### Assignment
Copy exactly the stretch of data below from the line with "using M unfolding csubspace_def by simp" through the line with "a \<longrightarrow> a \<xi> \<in> cyclic_subspace", including both of those lines.

### Records to use
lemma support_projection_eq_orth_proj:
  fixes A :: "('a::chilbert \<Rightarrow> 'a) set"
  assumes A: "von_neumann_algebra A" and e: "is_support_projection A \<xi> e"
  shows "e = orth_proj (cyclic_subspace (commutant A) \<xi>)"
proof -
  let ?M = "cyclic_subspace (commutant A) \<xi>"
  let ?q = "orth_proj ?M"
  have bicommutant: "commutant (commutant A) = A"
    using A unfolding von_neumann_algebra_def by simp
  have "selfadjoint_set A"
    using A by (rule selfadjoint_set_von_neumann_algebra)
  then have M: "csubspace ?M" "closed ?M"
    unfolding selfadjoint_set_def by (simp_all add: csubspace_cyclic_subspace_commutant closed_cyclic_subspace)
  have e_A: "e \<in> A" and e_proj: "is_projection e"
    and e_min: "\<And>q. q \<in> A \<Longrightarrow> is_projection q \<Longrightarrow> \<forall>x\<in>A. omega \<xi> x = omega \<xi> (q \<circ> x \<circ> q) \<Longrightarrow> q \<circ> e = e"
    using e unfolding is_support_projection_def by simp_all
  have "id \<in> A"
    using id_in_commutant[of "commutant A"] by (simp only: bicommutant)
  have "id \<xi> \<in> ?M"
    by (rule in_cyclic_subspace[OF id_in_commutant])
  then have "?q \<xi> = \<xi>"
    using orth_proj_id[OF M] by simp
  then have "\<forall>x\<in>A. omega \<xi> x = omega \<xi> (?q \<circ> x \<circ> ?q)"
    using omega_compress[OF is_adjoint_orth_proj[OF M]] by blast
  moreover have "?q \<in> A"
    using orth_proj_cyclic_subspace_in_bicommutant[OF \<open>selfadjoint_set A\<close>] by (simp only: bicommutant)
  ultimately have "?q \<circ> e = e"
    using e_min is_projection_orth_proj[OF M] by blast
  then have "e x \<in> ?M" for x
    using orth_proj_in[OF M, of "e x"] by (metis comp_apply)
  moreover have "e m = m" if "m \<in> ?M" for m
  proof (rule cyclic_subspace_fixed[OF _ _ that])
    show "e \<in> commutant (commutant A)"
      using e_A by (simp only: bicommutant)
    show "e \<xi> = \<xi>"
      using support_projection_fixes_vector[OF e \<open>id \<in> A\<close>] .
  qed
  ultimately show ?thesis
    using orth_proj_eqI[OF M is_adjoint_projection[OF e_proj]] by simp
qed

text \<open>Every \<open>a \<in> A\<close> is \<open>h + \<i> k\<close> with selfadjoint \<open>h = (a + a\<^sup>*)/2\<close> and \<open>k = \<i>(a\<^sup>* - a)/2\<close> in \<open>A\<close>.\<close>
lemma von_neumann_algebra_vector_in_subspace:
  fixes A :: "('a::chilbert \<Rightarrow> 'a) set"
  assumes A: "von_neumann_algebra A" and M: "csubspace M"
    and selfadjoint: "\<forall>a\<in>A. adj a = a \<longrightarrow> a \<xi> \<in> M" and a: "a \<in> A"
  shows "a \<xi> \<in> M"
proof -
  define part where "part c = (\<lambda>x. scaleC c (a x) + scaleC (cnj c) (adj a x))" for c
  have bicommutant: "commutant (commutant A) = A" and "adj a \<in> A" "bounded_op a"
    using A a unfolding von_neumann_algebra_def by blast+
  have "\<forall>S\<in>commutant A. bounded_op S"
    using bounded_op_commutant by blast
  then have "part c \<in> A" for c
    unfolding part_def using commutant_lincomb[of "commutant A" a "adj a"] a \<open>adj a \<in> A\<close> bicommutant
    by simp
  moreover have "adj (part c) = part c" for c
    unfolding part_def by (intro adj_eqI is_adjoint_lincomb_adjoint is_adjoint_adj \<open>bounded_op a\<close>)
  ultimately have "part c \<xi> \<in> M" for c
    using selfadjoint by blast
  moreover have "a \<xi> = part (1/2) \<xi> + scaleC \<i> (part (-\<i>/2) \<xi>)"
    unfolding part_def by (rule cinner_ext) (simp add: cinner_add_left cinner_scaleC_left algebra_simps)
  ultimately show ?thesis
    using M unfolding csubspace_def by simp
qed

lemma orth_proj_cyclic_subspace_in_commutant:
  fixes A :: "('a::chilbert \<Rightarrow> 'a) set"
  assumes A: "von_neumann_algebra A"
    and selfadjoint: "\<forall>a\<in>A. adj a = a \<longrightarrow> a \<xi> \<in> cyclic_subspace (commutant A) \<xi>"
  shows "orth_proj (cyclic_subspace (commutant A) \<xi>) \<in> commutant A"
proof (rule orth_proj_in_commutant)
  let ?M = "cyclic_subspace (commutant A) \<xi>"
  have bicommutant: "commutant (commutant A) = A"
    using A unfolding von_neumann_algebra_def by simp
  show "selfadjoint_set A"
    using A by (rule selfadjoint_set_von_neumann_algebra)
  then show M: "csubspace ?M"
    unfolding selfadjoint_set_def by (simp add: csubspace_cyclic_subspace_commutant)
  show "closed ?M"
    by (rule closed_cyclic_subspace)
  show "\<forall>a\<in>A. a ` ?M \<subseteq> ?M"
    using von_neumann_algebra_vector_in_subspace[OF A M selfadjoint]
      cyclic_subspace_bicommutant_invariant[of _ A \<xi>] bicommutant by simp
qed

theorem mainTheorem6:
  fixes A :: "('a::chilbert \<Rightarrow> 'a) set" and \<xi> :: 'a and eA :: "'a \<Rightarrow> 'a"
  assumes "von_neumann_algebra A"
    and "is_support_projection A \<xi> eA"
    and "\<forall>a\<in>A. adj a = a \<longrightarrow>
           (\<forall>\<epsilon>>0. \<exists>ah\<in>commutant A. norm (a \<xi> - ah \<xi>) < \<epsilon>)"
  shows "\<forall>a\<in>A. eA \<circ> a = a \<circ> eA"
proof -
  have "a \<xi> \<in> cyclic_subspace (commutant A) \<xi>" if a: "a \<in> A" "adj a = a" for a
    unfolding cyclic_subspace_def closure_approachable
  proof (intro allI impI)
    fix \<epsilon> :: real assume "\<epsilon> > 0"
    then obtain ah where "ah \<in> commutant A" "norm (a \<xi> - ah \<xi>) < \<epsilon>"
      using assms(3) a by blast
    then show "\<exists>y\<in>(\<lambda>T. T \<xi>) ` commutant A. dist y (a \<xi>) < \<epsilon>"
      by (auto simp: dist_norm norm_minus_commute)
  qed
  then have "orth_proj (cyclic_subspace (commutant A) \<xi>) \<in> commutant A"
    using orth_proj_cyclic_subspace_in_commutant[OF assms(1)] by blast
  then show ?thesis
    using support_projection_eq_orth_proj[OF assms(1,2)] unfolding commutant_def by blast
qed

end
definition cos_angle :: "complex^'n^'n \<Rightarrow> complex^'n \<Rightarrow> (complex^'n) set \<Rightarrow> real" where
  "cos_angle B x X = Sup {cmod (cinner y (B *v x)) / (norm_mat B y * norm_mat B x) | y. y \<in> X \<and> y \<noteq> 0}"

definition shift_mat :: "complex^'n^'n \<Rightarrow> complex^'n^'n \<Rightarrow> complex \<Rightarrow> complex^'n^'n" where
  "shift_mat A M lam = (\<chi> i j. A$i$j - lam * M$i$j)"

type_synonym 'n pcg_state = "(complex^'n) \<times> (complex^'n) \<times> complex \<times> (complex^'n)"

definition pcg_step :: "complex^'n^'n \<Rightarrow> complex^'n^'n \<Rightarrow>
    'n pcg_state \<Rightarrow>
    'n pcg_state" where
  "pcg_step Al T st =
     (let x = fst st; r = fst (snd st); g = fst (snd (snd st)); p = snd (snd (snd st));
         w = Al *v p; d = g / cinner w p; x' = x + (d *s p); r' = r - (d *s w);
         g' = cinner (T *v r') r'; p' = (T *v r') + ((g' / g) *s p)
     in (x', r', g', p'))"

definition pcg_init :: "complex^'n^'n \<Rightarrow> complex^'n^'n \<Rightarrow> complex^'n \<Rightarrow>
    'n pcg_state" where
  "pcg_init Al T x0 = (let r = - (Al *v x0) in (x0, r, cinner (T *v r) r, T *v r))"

### Answer box
    using M unfolding csubspace_def by simp
qed

lemma orth_proj_cyclic_subspace_in_commutant:
  fixes A :: "('a::chilbert \<Rightarrow> 'a) set"
  assumes A: "von_neumann_algebra A"
    and selfadjoint: "\<forall>a\<in>A. adj a = a \<longrightarrow> a \<xi> \<in> cyclic_subspace (commutant A) \<xi>"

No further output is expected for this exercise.